[Task to complete]: How many lines in the data that follows contain the word "open"? Only that number is needed.

##### Records supplied #####

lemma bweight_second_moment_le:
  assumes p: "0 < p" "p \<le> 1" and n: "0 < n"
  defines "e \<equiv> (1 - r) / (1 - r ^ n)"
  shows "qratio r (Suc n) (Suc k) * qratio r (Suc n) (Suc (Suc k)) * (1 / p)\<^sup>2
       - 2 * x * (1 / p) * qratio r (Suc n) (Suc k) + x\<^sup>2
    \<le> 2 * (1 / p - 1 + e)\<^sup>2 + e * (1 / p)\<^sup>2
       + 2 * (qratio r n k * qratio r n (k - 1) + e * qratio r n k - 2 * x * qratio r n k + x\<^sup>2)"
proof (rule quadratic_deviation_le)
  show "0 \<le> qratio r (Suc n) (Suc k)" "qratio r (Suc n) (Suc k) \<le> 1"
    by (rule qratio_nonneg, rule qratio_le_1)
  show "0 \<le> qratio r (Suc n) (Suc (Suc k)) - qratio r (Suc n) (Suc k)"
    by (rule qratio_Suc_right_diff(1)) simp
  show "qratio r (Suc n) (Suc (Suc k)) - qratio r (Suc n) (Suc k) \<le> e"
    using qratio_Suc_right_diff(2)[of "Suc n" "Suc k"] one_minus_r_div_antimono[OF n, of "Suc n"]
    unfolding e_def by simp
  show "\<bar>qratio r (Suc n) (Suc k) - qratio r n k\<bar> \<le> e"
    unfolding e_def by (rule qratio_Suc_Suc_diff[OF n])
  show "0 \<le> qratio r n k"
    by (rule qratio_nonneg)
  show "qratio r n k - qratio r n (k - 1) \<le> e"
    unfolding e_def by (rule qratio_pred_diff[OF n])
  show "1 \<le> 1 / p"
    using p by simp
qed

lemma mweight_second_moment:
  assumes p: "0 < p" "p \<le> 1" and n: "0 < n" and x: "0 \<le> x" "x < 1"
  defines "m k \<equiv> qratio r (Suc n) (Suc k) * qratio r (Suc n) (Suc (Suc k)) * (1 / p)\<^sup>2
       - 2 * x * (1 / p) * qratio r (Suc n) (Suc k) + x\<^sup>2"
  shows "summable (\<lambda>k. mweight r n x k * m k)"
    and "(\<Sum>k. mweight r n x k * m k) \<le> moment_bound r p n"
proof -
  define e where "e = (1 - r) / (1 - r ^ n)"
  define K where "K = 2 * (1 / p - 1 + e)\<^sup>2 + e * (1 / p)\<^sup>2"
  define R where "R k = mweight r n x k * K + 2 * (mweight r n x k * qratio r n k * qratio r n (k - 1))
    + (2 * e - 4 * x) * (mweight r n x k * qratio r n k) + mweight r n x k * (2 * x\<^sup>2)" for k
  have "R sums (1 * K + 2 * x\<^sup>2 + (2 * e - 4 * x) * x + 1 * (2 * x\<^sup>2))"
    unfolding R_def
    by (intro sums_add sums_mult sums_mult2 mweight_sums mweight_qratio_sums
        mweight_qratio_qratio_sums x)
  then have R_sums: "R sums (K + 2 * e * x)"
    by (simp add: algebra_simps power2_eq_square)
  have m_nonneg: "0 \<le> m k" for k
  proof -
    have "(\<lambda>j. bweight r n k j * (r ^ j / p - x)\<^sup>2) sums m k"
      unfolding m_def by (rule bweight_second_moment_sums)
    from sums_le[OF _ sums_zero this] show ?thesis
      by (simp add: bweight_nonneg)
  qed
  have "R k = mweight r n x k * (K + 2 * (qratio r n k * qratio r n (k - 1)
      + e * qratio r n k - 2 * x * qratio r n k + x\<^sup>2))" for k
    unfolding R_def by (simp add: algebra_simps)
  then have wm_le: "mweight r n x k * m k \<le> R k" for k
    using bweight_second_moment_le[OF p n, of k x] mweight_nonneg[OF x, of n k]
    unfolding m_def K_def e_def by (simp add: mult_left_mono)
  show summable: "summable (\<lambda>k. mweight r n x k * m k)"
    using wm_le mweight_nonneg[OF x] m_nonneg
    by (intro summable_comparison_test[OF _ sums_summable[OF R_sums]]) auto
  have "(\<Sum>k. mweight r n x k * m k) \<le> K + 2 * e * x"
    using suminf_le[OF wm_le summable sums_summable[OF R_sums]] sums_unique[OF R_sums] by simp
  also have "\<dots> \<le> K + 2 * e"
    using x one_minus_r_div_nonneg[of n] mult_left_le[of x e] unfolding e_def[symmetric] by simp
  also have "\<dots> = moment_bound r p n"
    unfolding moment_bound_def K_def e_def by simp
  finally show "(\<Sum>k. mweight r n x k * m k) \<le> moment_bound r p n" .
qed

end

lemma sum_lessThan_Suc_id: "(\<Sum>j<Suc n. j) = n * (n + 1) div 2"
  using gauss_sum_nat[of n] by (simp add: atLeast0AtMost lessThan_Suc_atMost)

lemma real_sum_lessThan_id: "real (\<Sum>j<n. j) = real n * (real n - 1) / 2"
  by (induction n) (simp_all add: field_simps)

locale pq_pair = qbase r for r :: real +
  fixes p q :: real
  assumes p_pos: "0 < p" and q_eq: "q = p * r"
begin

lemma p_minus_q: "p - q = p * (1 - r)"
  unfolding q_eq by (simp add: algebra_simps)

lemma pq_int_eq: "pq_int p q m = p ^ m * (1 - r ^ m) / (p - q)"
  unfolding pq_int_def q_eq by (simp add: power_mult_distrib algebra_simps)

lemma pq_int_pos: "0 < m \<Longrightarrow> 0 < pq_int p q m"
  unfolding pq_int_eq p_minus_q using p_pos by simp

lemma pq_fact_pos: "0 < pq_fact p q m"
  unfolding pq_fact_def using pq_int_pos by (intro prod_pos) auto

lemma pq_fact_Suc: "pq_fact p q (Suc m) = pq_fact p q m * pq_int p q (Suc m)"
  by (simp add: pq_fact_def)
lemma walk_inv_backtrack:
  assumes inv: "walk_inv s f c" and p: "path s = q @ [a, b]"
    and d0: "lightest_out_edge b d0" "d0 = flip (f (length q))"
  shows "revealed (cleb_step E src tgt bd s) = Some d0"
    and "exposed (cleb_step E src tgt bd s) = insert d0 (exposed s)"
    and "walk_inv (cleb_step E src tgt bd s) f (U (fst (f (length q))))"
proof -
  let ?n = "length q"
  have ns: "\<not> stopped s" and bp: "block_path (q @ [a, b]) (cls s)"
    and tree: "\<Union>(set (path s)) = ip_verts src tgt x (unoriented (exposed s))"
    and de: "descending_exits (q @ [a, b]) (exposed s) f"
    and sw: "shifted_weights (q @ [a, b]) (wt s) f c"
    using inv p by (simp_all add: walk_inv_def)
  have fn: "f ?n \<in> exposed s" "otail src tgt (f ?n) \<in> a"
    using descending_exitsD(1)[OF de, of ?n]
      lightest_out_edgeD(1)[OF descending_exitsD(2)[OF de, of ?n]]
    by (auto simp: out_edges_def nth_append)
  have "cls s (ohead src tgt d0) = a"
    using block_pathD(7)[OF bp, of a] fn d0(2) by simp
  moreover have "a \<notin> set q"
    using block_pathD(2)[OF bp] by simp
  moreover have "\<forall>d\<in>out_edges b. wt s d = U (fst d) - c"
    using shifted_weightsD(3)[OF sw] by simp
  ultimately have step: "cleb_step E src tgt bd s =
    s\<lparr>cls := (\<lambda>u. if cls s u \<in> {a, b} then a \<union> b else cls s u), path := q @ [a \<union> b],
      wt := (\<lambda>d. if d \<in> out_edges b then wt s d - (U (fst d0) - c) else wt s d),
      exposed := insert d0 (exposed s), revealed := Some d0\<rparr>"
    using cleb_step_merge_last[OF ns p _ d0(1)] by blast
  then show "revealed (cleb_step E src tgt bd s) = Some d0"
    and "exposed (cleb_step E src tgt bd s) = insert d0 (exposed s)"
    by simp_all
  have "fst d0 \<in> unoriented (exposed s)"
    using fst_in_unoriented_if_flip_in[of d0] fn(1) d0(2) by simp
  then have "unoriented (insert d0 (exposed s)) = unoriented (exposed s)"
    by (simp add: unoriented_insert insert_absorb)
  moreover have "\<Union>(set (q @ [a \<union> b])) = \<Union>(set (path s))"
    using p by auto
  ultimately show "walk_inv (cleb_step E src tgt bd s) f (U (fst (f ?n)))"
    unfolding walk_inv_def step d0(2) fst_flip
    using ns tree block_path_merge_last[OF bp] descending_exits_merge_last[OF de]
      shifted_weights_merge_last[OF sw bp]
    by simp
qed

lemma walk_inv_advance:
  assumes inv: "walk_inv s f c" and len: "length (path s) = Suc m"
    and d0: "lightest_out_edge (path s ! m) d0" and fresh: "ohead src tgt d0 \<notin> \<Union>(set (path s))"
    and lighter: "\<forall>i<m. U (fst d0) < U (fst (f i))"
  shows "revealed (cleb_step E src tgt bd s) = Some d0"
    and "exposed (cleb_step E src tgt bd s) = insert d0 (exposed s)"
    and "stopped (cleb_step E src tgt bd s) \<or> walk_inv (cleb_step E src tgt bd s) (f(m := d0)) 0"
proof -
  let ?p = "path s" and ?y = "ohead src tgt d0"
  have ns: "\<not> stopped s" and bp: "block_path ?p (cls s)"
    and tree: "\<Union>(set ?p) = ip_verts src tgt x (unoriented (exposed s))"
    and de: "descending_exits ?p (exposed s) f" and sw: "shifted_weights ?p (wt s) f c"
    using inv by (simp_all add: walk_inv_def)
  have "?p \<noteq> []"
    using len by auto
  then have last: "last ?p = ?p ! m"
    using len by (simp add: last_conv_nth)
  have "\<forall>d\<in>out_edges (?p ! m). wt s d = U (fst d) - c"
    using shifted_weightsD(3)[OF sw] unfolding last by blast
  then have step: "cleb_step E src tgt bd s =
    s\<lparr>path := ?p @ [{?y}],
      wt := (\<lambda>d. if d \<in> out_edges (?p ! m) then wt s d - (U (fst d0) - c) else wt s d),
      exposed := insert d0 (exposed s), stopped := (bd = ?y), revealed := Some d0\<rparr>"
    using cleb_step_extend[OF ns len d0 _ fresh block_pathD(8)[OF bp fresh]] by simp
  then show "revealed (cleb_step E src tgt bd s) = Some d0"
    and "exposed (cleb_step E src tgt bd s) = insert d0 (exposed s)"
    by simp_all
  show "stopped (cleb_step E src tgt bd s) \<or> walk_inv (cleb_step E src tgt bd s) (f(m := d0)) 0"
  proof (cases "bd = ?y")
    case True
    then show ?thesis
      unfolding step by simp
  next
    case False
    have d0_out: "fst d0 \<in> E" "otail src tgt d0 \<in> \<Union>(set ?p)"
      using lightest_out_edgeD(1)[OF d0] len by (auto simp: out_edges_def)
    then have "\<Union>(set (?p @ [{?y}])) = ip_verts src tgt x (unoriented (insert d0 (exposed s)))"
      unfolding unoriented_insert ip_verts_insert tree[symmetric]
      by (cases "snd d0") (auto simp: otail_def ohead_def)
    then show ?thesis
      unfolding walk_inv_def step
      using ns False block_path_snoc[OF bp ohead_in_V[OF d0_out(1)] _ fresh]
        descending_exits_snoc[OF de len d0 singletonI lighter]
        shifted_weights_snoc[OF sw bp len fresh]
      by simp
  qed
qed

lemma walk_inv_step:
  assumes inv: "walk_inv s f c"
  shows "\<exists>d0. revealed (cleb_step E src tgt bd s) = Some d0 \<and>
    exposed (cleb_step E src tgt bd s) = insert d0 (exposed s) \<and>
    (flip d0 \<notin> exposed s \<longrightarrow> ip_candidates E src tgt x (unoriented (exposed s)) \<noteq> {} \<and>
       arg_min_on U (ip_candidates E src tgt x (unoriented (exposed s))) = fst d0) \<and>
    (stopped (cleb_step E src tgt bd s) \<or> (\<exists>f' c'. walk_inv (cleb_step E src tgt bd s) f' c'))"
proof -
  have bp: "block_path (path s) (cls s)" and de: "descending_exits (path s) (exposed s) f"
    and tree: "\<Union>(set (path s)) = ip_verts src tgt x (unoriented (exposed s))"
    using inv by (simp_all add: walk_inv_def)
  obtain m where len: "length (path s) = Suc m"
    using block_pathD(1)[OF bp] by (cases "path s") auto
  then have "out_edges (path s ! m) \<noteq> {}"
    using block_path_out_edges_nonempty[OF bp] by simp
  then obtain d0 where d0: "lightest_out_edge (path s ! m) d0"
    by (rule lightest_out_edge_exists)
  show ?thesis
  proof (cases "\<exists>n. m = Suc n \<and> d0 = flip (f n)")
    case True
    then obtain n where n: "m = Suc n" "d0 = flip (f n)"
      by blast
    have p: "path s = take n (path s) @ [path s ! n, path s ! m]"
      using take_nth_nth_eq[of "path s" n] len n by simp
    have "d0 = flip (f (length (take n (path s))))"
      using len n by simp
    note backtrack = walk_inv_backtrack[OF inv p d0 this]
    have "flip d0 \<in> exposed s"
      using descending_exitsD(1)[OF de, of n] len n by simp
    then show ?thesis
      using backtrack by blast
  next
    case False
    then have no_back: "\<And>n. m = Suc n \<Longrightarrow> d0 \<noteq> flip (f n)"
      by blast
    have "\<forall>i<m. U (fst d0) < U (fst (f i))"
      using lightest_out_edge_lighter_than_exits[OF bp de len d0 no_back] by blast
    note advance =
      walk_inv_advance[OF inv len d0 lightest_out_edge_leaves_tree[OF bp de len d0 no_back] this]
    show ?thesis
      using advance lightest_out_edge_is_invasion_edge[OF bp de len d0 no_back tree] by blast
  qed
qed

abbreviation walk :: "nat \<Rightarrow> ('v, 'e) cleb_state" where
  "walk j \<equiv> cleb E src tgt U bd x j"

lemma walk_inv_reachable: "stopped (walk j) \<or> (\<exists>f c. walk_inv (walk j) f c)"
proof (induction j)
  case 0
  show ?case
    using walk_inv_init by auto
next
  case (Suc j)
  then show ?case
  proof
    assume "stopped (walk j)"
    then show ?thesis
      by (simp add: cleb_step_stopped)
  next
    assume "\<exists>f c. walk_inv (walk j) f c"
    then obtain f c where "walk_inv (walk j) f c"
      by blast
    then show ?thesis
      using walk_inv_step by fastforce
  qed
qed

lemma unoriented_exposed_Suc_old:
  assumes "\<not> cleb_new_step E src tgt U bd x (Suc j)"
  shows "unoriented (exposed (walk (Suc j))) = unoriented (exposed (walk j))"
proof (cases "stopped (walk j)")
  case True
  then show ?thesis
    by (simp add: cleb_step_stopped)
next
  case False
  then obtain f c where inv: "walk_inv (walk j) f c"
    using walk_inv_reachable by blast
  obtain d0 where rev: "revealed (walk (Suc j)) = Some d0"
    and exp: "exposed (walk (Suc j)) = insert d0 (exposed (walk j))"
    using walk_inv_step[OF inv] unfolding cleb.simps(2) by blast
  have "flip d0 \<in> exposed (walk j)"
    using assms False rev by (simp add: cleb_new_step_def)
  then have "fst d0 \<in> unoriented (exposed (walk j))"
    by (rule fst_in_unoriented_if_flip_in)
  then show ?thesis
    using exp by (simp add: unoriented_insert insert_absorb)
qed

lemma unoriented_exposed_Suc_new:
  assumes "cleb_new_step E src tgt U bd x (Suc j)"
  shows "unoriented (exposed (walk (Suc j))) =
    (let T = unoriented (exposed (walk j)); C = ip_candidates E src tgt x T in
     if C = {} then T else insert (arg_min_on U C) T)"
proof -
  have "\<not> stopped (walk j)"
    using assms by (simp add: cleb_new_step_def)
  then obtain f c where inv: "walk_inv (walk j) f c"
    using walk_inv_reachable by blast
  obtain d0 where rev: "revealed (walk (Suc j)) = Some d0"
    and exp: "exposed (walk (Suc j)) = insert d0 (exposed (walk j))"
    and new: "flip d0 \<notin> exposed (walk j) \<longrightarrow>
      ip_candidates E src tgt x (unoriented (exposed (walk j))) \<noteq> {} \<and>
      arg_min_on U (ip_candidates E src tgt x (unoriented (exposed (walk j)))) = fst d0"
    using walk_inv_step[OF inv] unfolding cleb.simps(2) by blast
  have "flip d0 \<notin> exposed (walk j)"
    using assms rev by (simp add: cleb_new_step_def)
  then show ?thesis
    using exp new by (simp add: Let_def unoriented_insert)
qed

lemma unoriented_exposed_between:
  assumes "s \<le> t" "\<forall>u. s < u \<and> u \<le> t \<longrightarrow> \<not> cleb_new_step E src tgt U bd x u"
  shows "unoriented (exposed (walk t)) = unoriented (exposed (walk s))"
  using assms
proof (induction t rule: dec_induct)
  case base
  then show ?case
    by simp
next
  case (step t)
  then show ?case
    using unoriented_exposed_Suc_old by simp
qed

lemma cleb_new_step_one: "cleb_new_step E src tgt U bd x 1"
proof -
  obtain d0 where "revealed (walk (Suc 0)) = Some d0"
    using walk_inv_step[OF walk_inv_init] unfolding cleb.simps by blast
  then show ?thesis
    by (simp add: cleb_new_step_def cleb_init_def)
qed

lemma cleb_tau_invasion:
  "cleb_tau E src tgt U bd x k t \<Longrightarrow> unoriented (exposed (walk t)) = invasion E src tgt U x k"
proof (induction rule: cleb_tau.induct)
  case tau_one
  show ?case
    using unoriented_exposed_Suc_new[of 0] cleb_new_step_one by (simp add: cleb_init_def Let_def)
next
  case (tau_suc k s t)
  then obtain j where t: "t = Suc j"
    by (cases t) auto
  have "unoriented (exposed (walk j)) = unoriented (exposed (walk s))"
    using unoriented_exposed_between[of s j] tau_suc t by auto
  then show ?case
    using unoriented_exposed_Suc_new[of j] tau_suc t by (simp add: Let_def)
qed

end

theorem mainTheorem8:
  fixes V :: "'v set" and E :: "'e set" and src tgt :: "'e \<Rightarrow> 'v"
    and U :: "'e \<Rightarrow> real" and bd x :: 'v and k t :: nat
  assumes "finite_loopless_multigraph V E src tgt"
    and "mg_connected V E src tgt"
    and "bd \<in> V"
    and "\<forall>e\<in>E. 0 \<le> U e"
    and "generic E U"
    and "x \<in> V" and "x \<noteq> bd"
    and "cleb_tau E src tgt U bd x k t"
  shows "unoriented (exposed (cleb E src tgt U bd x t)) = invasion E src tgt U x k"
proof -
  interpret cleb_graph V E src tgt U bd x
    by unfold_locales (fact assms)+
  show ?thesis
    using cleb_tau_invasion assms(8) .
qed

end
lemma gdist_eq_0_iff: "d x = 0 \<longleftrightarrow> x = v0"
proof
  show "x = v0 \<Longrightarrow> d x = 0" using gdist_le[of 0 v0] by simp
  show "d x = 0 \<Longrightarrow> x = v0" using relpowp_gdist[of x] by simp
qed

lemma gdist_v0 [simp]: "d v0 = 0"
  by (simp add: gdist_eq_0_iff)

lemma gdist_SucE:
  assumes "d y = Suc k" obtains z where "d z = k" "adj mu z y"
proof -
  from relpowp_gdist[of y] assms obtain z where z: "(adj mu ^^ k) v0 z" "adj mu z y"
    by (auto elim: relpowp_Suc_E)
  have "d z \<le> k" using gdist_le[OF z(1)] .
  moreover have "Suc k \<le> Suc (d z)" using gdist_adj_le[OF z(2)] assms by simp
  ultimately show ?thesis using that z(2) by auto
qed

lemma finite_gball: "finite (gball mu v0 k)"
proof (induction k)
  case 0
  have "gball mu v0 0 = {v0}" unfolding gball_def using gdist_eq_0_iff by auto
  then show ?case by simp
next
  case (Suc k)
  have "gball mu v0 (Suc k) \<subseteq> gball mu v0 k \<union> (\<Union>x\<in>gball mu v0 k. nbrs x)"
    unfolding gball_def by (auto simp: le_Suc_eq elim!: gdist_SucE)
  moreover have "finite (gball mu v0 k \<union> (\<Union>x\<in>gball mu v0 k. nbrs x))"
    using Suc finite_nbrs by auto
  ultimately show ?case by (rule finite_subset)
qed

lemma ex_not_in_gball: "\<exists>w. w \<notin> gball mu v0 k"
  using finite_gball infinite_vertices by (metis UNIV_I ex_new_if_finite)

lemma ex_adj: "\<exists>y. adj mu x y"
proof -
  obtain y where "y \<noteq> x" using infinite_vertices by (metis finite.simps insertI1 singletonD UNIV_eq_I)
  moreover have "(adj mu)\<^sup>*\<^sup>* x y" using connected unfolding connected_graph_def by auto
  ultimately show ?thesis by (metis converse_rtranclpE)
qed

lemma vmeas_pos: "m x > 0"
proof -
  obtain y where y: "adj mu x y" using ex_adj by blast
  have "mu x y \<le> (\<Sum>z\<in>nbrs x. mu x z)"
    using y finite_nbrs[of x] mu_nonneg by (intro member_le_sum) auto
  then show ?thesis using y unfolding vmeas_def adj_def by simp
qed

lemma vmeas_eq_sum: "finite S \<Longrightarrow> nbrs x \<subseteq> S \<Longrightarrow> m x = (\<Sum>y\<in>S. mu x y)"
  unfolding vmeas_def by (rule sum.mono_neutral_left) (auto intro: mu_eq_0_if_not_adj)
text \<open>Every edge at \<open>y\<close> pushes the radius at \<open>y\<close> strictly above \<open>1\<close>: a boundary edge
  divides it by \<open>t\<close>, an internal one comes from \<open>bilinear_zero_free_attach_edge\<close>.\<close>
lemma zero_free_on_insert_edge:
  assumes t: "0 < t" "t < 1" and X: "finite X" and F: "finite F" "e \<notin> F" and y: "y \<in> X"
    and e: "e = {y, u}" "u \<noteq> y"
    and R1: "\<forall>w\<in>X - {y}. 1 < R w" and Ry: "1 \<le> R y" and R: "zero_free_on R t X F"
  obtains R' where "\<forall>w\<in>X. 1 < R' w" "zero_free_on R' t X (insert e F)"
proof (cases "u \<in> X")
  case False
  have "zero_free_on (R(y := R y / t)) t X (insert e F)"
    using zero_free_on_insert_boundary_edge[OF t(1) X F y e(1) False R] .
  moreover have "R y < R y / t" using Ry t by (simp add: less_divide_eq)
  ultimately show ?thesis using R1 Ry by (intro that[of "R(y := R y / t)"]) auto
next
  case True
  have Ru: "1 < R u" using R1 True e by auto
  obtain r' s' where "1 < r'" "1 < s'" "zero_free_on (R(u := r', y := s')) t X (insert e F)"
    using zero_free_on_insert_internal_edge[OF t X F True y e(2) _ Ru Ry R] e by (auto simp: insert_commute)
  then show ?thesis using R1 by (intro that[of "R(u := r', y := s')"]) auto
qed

#####

[Output for this exercise]: 2